IN A NUTSHELL Author's NoteIndustrial animal agriculture—driven by high-input, chemically intensive, and GMO-based feed systems—has become one of the most powerful contributors to climate change, biodiversity collapse, and global health burdens (Poore & Nemecek, 2018; Crippa et al., 2018). It also causes the mass suffering and slaughter of trillions of land and aquatic animals each year (Aleksandrowicz et al., 2016). Growing concerns over glyphosate exposure, especially its potential interactions with milk proteins such as casein, highlight additional risks embedded within current dietary patterns (Bouvard et al., 2015; WHO, 2015). Plant-based diets, in contrast, consistently demonstrate strong benefits for human health, climate mitigation, and social equity (Willett et al., 2019; Tilman & Clark, 2014).
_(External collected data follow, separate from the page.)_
definition extends :: "nat \<Rightarrow> nat \<Rightarrow> (nat \<times> nat \<Rightarrow> nat option) \<Rightarrow> bool" where
  "extends n k p \<longleftrightarrow> (\<exists>f. is_extension n k p f)"

definition uniquely_extends :: "nat \<Rightarrow> nat \<Rightarrow> (nat \<times> nat \<Rightarrow> nat option) \<Rightarrow> bool" where
  "uniquely_extends n k p \<longleftrightarrow>
     (\<exists>f. is_extension n k p f \<and>
        (\<forall>g. is_extension n k p g \<longrightarrow> (\<forall>e\<in>square n. g e = f e)))"

definition defining_number :: "nat \<Rightarrow> nat \<Rightarrow> nat" where
  "defining_number n k =
     Min ((\<lambda>p. card (dom p)) ` {p. partial_coloring n k p \<and> uniquely_extends n k p})"

end

theory Submission
  imports Defs "HOL-Number_Theory.Cong"
begin

(* Lower bound: if two uncolored entries (i,j), (i,j') share a row, take any extension f.
   If f(i,j') reappears in column j (or f(i,j) in column j'), row i and column j together
   show at most 2n-2 < 2n-1 colours, so (i,j) can be recolored; otherwise the two entries
   can be swapped.  Hence a uniquely extending partial coloring has at most n uncolored
   entries.

   Upper bound: for even n take a 1-factorization of K_n, i.e. a symmetric colouring of the
   off-diagonal entries with n-1 colours, each row using every colour once.  Shift the colours
   below the diagonal by n-1.  Then the off-diagonal entries of row i and of column i together
   carry all colours 1..2n-2, so the diagonal is forced to be 2n-1. *)

lemma square_eq: "square n = {..<n} \<times> {..<n}"
  unfolding square_def by auto

lemma finite_square [simp]: "finite (square n)"
  by (simp add: square_eq)

lemma card_square: "card (square n) = n * n"
  by (simp add: square_eq card_cartesian_product)

lemma card_square_diff_dom:
  assumes "partial_coloring n k p"
  shows "card (square n - dom p) = n * n - card (dom p)"
proof -
  have "dom p \<subseteq> square n" using assms unfolding partial_coloring_def by blast
  then show ?thesis
    by (simp add: card_Diff_subset card_square finite_subset)
qed

lemma partial_coloring_restrict:
  assumes "in_L n k f" "A \<subseteq> square n"
  shows "partial_coloring n k ((Some \<circ> f) |` A)"
  using assms unfolding partial_coloring_def in_L_def ran_def restrict_map_def
  by (auto split: if_splits)

lemma is_extension_restrict:
  assumes "in_L n k f"
  shows "is_extension n k ((Some \<circ> f) |` A) f"
  using assms unfolding is_extension_def restrict_map_def by (auto split: if_splits)

lemma not_uniquely_extends_if_recolorable:
  assumes f: "is_extension n k p f" and g: "in_L n k g"
    and agree: "\<And>e. e \<in> dom p \<Longrightarrow> g e = f e"
    and "e \<in> square n" "g e \<noteq> f e"
  shows "\<not> uniquely_extends n k p"
proof -
  have "is_extension n k p g"
    using f g agree unfolding is_extension_def by simp
  then show ?thesis
    using f assms(4,5) unfolding uniquely_extends_def by metis
qed

lemma uniquely_extends_if_forced:
  assumes f: "is_extension n k p f"
    and forced: "\<And>i j c. (i, j) \<in> square n - dom p \<Longrightarrow> c \<in> {1..k} \<Longrightarrow> c \<noteq> f (i, j) \<Longrightarrow>
        (\<exists>j'<n. j' \<noteq> j \<and> p (i, j') = Some c) \<or> (\<exists>i'<n. i' \<noteq> i \<and> p (i', j) = Some c)"
  shows "uniquely_extends n k p"
  unfolding uniquely_extends_def
proof (intro exI conjI allI impI ballI)
  show "is_extension n k p f" by (fact f)
  fix g e
  assume g: "is_extension n k p g" and "e \<in> square n"
  then obtain i j where e: "e = (i, j)" "i < n" "j < n" by (auto simp: square_def)
  show "g e = f e"
  proof (rule ccontr)
    assume differ: "g e \<noteq> f e"
    then have "e \<notin> dom p" using f g unfolding is_extension_def by force
    have g_L: "in_L n k g" and "g e \<in> {1..k}"
      using g \<open>e \<in> square n\<close> unfolding is_extension_def in_L_def by auto
    have g_dom: "p e' = Some c \<Longrightarrow> g e' = c" for e' c
      using g unfolding is_extension_def by (metis domI option.inject)
    from forced[of i j "g e"] consider
        j' where "j' < n" "j' \<noteq> j" "p (i, j') = Some (g (i, j))"
      | i' where "i' < n" "i' \<noteq> i" "p (i', j) = Some (g (i, j))"
      using \<open>e \<notin> dom p\<close> \<open>e \<in> square n\<close> \<open>g e \<in> {1..k}\<close> differ e(1) by blast
    then show False
    proof cases
      case 1
      then show False using g_L g_dom e unfolding in_L_def by metis
    next
      case 2
      then show False using g_L g_dom e unfolding in_L_def by metis
    qed
  qed
qed

lemma defining_number_eqI:
  assumes "partial_coloring n k p" "uniquely_extends n k p" "card (dom p) = m"
    and "\<And>q. partial_coloring n k q \<Longrightarrow> uniquely_extends n k q \<Longrightarrow> m \<le> card (dom q)"
  shows "defining_number n k = m"
  unfolding defining_number_def
proof (rule Min_eqI)
  have "card (dom q) \<le> n * n" if "partial_coloring n k q" for q
    using that card_mono[of "square n" "dom q"] card_square unfolding partial_coloring_def by simp
  then show "finite ((\<lambda>p. card (dom p)) ` {p. partial_coloring n k p \<and> uniquely_extends n k p})"
    by (auto intro: finite_subset[of _ "{..n * n}"])
qed (use assms in auto)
Drawing on epidemiological research, environmental modeling, animal welfare evidence, and the ethical frameworks advanced by the Sustainable Health Equity Movement (SHEM, 2024), this manuscript reviews the scientific, ethical, and political case for reducing animal-based foods in favor of more plant-centered systems. It also integrates SHEM analyses of excess mortality arising from excess production, trade, and consumption—fueled by inequitable income and wealth structures and heavily reinforced by the global animal-based food industry

By Juan Garay
Co-Chair of the Sustainable Health Equity Movement (SHEM)
Professor/Researcher of Health Equity, Ethics and Metrics (Spain, Mexico, Cuba, Brazil)
Founder of Valyter Ecovillage (valyter.es)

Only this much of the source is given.